Stored items:

◇ ◇ ◇ ◇ ◇

(* Let $\mathcal{L}_Q$ be a lattice liability network over a finite quiver $Q=(V,E,s,t)$, with payment lattices $L_v$, nominal liabilities $\ell_e$, pay-in aggregators $A_v$, distributors $D_v$ and pay-out aggregators $B_v$. Then the set of clearing sections of $\mathcal{L}_Q$ is nonempty and forms a complete lattice under the product order of $C^0=\prod_{v\in V}L_v$.
   Context: A quiver $Q=(V,E,s,t)$ consists of a vertex set $V$, an edge set $E$, and source and target maps $s,t:E\to V$ (multiple edges and self-loops are allowed); $t^{-1}(v)$ is the set of edges into $v$ and $s^{-1}(v)$ the set of edges out of $v$. A lattice liability network $\mathcal{L}_Q$ over a finite quiver $Q$ consists of: (1) for each $v\in V$ a complete lattice $L_v$ (the payment lattice), with top element $\top_v$; (2) for each $e\in E$ a nominal liability $\ell_e\in L_{s(e)}$; (3) for each $v$ a pay-in aggregator $A_v:\prod_{e\in t^{-1}(v)}L_{s(e)}\to L_v$, monotone in each coordinate; (4) for each $v$ a monotone distributor $D_v:L_v\to L_v^{s^{-1}(v)}$ and a monotone pay-out aggregator $B_v:L_v^{s^{-1}(v)}\to L_v$ with $B_v\circ D_v=\mathrm{id}_{L_v}$ and $[D_v(\top_v)]_e\le \ell_e$ for each $e\in s^{-1}(v)$. Let $C^0=\prod_{v\in V}L_v$ with the product order. For $\mathbf{x}=(x_v)\in C^0$ and $e\in E$, the edge payment is $p_e=[D_{s(e)}(x_{s(e)})]_e$. A clearing section is $\mathbf{x}\in C^0$ such that $x_v=A_v\big((p_e)_{e\in t^{-1}(v)}\big)$ for every $v\in V$. *)

theory Defs
  imports "HOL-Algebra.Complete_Lattice" "HOL-Library.FuncSet"
begin

text \<open>
  Payment lattices: one HOL-Algebra complete lattice L v per vertex, all with
  elements in a common ambient type 'l (every family of complete lattices can be
  so represented, e.g. via a disjoint union).
\<close>

definition in_edges :: "'e set \<Rightarrow> ('e \<Rightarrow> 'v) \<Rightarrow> 'v \<Rightarrow> 'e set" where
  "in_edges E t v = {e \<in> E. t e = v}"

definition out_edges :: "'e set \<Rightarrow> ('e \<Rightarrow> 'v) \<Rightarrow> 'v \<Rightarrow> 'e set" where
  "out_edges E s v = {e \<in> E. s e = v}"

definition lattice_liability_network ::
  "'v set \<Rightarrow> 'e set \<Rightarrow> ('e \<Rightarrow> 'v) \<Rightarrow> ('e \<Rightarrow> 'v) \<Rightarrow>
   ('v \<Rightarrow> ('l, 'm) gorder_scheme) \<Rightarrow> ('e \<Rightarrow> 'l) \<Rightarrow>
   ('v \<Rightarrow> ('e \<Rightarrow> 'l) \<Rightarrow> 'l) \<Rightarrow> ('v \<Rightarrow> 'l \<Rightarrow> ('e \<Rightarrow> 'l)) \<Rightarrow>
   ('v \<Rightarrow> ('e \<Rightarrow> 'l) \<Rightarrow> 'l) \<Rightarrow> bool" where
  "lattice_liability_network V E s t L ell A D B \<longleftrightarrow>
     \<comment> \<open>finite quiver\<close>
     finite V \<and> finite E \<and> (\<forall>e\<in>E. s e \<in> V \<and> t e \<in> V) \<and>
     \<comment> \<open>(1) payment lattices\<close>
     (\<forall>v\<in>V. complete_lattice (L v)) \<and>
     \<comment> \<open>(2) nominal liabilities\<close>
     (\<forall>e\<in>E. ell e \<in> carrier (L (s e))) \<and>
     \<comment> \<open>(3) pay-in aggregators, monotone in each coordinate\<close>
     (\<forall>v\<in>V.
        (\<forall>p \<in> (\<Pi>\<^sub>E e\<in>in_edges E t v. carrier (L (s e))). A v p \<in> carrier (L v)) \<and>
        (\<forall>p \<in> (\<Pi>\<^sub>E e\<in>in_edges E t v. carrier (L (s e))). \<forall>e\<in>in_edges E t v.
           \<forall>y\<in>carrier (L (s e)). p e \<sqsubseteq>\<^bsub>L (s e)\<^esub> y \<longrightarrow>
             A v p \<sqsubseteq>\<^bsub>L v\<^esub> A v (p(e := y)))) \<and>
     \<comment> \<open>(4) distributors and pay-out aggregators\<close>
     (\<forall>v\<in>V.
        (\<forall>x\<in>carrier (L v). D v x \<in> (\<Pi>\<^sub>E e\<in>out_edges E s v. carrier (L v))) \<and>
        (\<forall>x\<in>carrier (L v). \<forall>y\<in>carrier (L v). x \<sqsubseteq>\<^bsub>L v\<^esub> y \<longrightarrow>
           (\<forall>e\<in>out_edges E s v. D v x e \<sqsubseteq>\<^bsub>L v\<^esub> D v y e)) \<and>
        (\<forall>q \<in> (\<Pi>\<^sub>E e\<in>out_edges E s v. carrier (L v)). B v q \<in> carrier (L v)) \<and>
        (\<forall>q \<in> (\<Pi>\<^sub>E e\<in>out_edges E s v. carrier (L v)).
           \<forall>r \<in> (\<Pi>\<^sub>E e\<in>out_edges E s v. carrier (L v)).
           (\<forall>e\<in>out_edges E s v. q e \<sqsubseteq>\<^bsub>L v\<^esub> r e) \<longrightarrow> B v q \<sqsubseteq>\<^bsub>L v\<^esub> B v r) \<and>
        (\<forall>x\<in>carrier (L v). B v (D v x) = x) \<and>
        (\<forall>e\<in>out_edges E s v. D v (\<top>\<^bsub>L v\<^esub>) e \<sqsubseteq>\<^bsub>L v\<^esub> ell e))"

definition cochains0 :: "'v set \<Rightarrow> ('v \<Rightarrow> ('l, 'm) gorder_scheme) \<Rightarrow> ('v \<Rightarrow> 'l) set" where
  "cochains0 V L = (\<Pi>\<^sub>E v\<in>V. carrier (L v))"

definition edge_payment :: "('e \<Rightarrow> 'v) \<Rightarrow> ('v \<Rightarrow> 'l \<Rightarrow> ('e \<Rightarrow> 'l)) \<Rightarrow> ('v \<Rightarrow> 'l) \<Rightarrow> 'e \<Rightarrow> 'l" where
  "edge_payment s D x e = D (s e) (x (s e)) e"

definition clearing_sections ::
  "'v set \<Rightarrow> 'e set \<Rightarrow> ('e \<Rightarrow> 'v) \<Rightarrow> ('e \<Rightarrow> 'v) \<Rightarrow>
   ('v \<Rightarrow> ('l, 'm) gorder_scheme) \<Rightarrow>
   ('v \<Rightarrow> ('e \<Rightarrow> 'l) \<Rightarrow> 'l) \<Rightarrow> ('v \<Rightarrow> 'l \<Rightarrow> ('e \<Rightarrow> 'l)) \<Rightarrow> ('v \<Rightarrow> 'l) set" where
  "clearing_sections V E s t L A D =
     {x \<in> cochains0 V L. \<forall>v\<in>V.
        x v = A v (\<lambda>e\<in>in_edges E t v. edge_payment s D x e)}"

definition product_order_on ::
  "'v set \<Rightarrow> ('v \<Rightarrow> ('l, 'm) gorder_scheme) \<Rightarrow> ('v \<Rightarrow> 'l) set \<Rightarrow> ('v \<Rightarrow> 'l) gorder" where
  "product_order_on V L S =
     \<lparr> carrier = S, eq = (=), le = (\<lambda>x y. \<forall>v\<in>V. x v \<sqsubseteq>\<^bsub>L v\<^esub> y v) \<rparr>"

end

theory Submission
  imports Defs
begin

text \<open>
  Clearing sections are the fixed points of the clearing map, which sends x to
  (A_v((p_e)_{t(e) = v}))_v, on the product C^0; this product is a complete lattice because
  infima can be taken coordinatewise. The clearing map is monotone: each edge payment is
  monotone in x because D_{s(e)} is, and A_v, being monotone in each of its finitely many
  arguments, is jointly monotone. By Knaster-Tarski the fixed points form a complete lattice,
  which is in particular nonempty. Neither the pay-out aggregators B_v nor the nominal
  liabilities enter the argument.
\<close>

lemma mono_if_mono_in_each_coordinate:
  fixes f :: "('i \<Rightarrow> 'a) \<Rightarrow> 'b" and M :: "('b, 'm) gorder_scheme"
  assumes "finite I" and "weak_partial_order M"
    and closed: "\<And>p. p \<in> (\<Pi>\<^sub>E i\<in>I. C i) \<Longrightarrow> f p \<in> carrier M"
    and mono_at: "\<And>p i y. \<lbrakk>p \<in> (\<Pi>\<^sub>E i\<in>I. C i); i \<in> I; y \<in> C i; R i (p i) y\<rbrakk>
                    \<Longrightarrow> f p \<sqsubseteq>\<^bsub>M\<^esub> f (p(i := y))"
    and p: "p \<in> (\<Pi>\<^sub>E i\<in>I. C i)" and q: "q \<in> (\<Pi>\<^sub>E i\<in>I. C i)"
    and below: "\<And>i. i \<in> I \<Longrightarrow> R i (p i) (q i)"
  shows "f p \<sqsubseteq>\<^bsub>M\<^esub> f q"
proof -
  interpret M: weak_partial_order M by fact
  define mix where "mix K = (\<lambda>i\<in>I. if i \<in> K then q i else p i)" for K
  have mix_mem: "mix K \<in> (\<Pi>\<^sub>E i\<in>I. C i)" for K
    using p q by (auto simp: mix_def)
  have "f p \<sqsubseteq>\<^bsub>M\<^esub> f (mix K)" if "finite K" "K \<subseteq> I" for K
    using that
  proof (induction K rule: finite_induct)
    case empty
    have "mix {} = p" using p by (auto simp: mix_def PiE_def extensional_def)
    then show ?case using closed p by simp
  next
    case (insert k K)
    then have "mix (insert k K) = (mix K)(k := q k)" and "R k (mix K k) (q k)"
      using below by (auto simp: mix_def fun_eq_iff)
    moreover have "q k \<in> C k" using q insert.prems by auto
    ultimately have "f (mix K) \<sqsubseteq>\<^bsub>M\<^esub> f (mix (insert k K))"
      using mono_at[OF mix_mem] insert.prems by simp
    moreover have "f p \<sqsubseteq>\<^bsub>M\<^esub> f (mix K)" using insert by simp
    ultimately show ?case using M.le_trans closed mix_mem p by meson
  qed
  moreover have "mix I = q" using q by (auto simp: mix_def PiE_def extensional_def)
  ultimately show ?thesis using \<open>finite I\<close> by auto
qed

lemma weak_complete_lattice_if_complete_lattice:
  "complete_lattice L \<Longrightarrow> weak_complete_lattice L"
  by (simp add: complete_lattice_def weak_complete_lattice_def weak_complete_lattice_axioms_def
      partial_order_def complete_lattice_axioms_def)

lemma partial_order_product_order:
  assumes "\<And>v. v \<in> V \<Longrightarrow> partial_order (L v)"
  shows "partial_order (product_order_on V L (cochains0 V L))"
proof -
  have coord: "x v \<in> carrier (L v)" if "x \<in> cochains0 V L" "v \<in> V" for x v
    using that by (auto simp: cochains0_def)
  note po = partial_order.axioms(1)[OF assms]
  show ?thesis
  proof (unfold_locales, simp_all add: product_order_on_def)
    show "\<forall>v\<in>V. x v \<sqsubseteq>\<^bsub>L v\<^esub> x v" if "x \<in> cochains0 V L" for x
      using that coord po weak_partial_order.le_refl by metis
    show "\<forall>v\<in>V. x v \<sqsubseteq>\<^bsub>L v\<^esub> z v"
      if "\<forall>v\<in>V. x v \<sqsubseteq>\<^bsub>L v\<^esub> y v" "\<forall>v\<in>V. y v \<sqsubseteq>\<^bsub>L v\<^esub> z v"
        "x \<in> cochains0 V L" "y \<in> cochains0 V L" "z \<in> cochains0 V L" for x y z
      using that coord po weak_partial_order.le_trans by metis
    show "x = y"
      if le: "\<forall>v\<in>V. x v \<sqsubseteq>\<^bsub>L v\<^esub> y v" "\<forall>v\<in>V. y v \<sqsubseteq>\<^bsub>L v\<^esub> x v"
        and x: "x \<in> cochains0 V L" and y: "y \<in> cochains0 V L" for x y
    proof -
      have "x v = y v" if "v \<in> V" for v
        using partial_order.le_antisym[OF assms[OF that]] le coord[OF x that] coord[OF y that] that
        by blast
      with x y show "x = y" unfolding cochains0_def by (blast intro: PiE_ext)
    qed
  qed
qed

lemma complete_lattice_product_order:
  assumes "\<And>v. v \<in> V \<Longrightarrow> complete_lattice (L v)"
  shows "complete_lattice (product_order_on V L (cochains0 V L))" (is "complete_lattice ?P")
proof -
  interpret partial_order ?P
    by (rule partial_order_product_order) (use assms complete_lattice.axioms(1) in blast)
  have coord: "x v \<in> carrier (L v)" if "x \<in> carrier ?P" "v \<in> V" for x v
    using that by (auto simp: product_order_on_def cochains0_def)
  have inf: "greatest ?P (\<lambda>v\<in>V. \<Sqinter>\<^bsub>L v\<^esub> ((\<lambda>x. x v) ` X)) (Lower ?P X)"
    if X: "X \<subseteq> carrier ?P" for X
  proof (rule greatest_LowerI)
    have slice: "(\<lambda>x. x v) ` X \<subseteq> carrier (L v)" if "v \<in> V" for v
      using X that coord by auto
    have cl: "weak_complete_lattice (L v)" if "v \<in> V" for v
      using assms[OF that] by (rule weak_complete_lattice_if_complete_lattice)
    show "X \<subseteq> carrier ?P" by fact
    show "(\<lambda>v\<in>V. \<Sqinter>\<^bsub>L v\<^esub> ((\<lambda>x. x v) ` X)) \<in> carrier ?P"
      using weak_complete_lattice.inf_closed[OF cl slice]
      by (simp add: product_order_on_def cochains0_def)
    show "(\<lambda>v\<in>V. \<Sqinter>\<^bsub>L v\<^esub> ((\<lambda>x. x v) ` X)) \<sqsubseteq>\<^bsub>?P\<^esub> x" if "x \<in> X" for x
      using weak_complete_lattice.inf_lower[OF cl slice] that by (simp add: product_order_on_def)
    show "y \<sqsubseteq>\<^bsub>?P\<^esub> (\<lambda>v\<in>V. \<Sqinter>\<^bsub>L v\<^esub> ((\<lambda>x. x v) ` X))" if "y \<in> Lower ?P X" for y
    proof -
      have y: "y \<in> carrier ?P" and below: "\<And>x v. x \<in> X \<Longrightarrow> v \<in> V \<Longrightarrow> y v \<sqsubseteq>\<^bsub>L v\<^esub> x v"
        using that X by (auto simp: Lower_def product_order_on_def)
      have "y v \<sqsubseteq>\<^bsub>L v\<^esub> \<Sqinter>\<^bsub>L v\<^esub> ((\<lambda>x. x v) ` X)" if "v \<in> V" for v
        using weak_complete_lattice.inf_greatest[OF cl slice coord[OF y]] below that by blast
      then show ?thesis by (simp add: product_order_on_def)
    qed
  qed
  show ?thesis
  proof (rule complete_lattice_criterion1)
    show "\<exists>g. greatest ?P g (carrier ?P)"
      using inf[of "{}"] by auto
    show "\<exists>i. greatest ?P i (Lower ?P A)" if "A \<subseteq> carrier ?P" for A
      using inf[OF that] by blast
  qed
qed

lemma complete_lattice_if_weak_complete_lattice_eq:
  assumes "weak_complete_lattice L" and "(.=\<^bsub>L\<^esub>) = (=)"
  shows "complete_lattice L"
proof -
  interpret weak_complete_lattice L by fact
  show ?thesis
    by unfold_locales (auto intro: sup_exists inf_exists simp: assms(2))
qed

◇ ◇ ◇ ◇ ◇

What the exercise asks:
Copy out every line from the data above in which the word "fact" occurs.

Exercise response:
  interpret M: weak_partial_order M by fact
    show "X \<subseteq> carrier ?P" by fact
  interpret weak_complete_lattice L by fact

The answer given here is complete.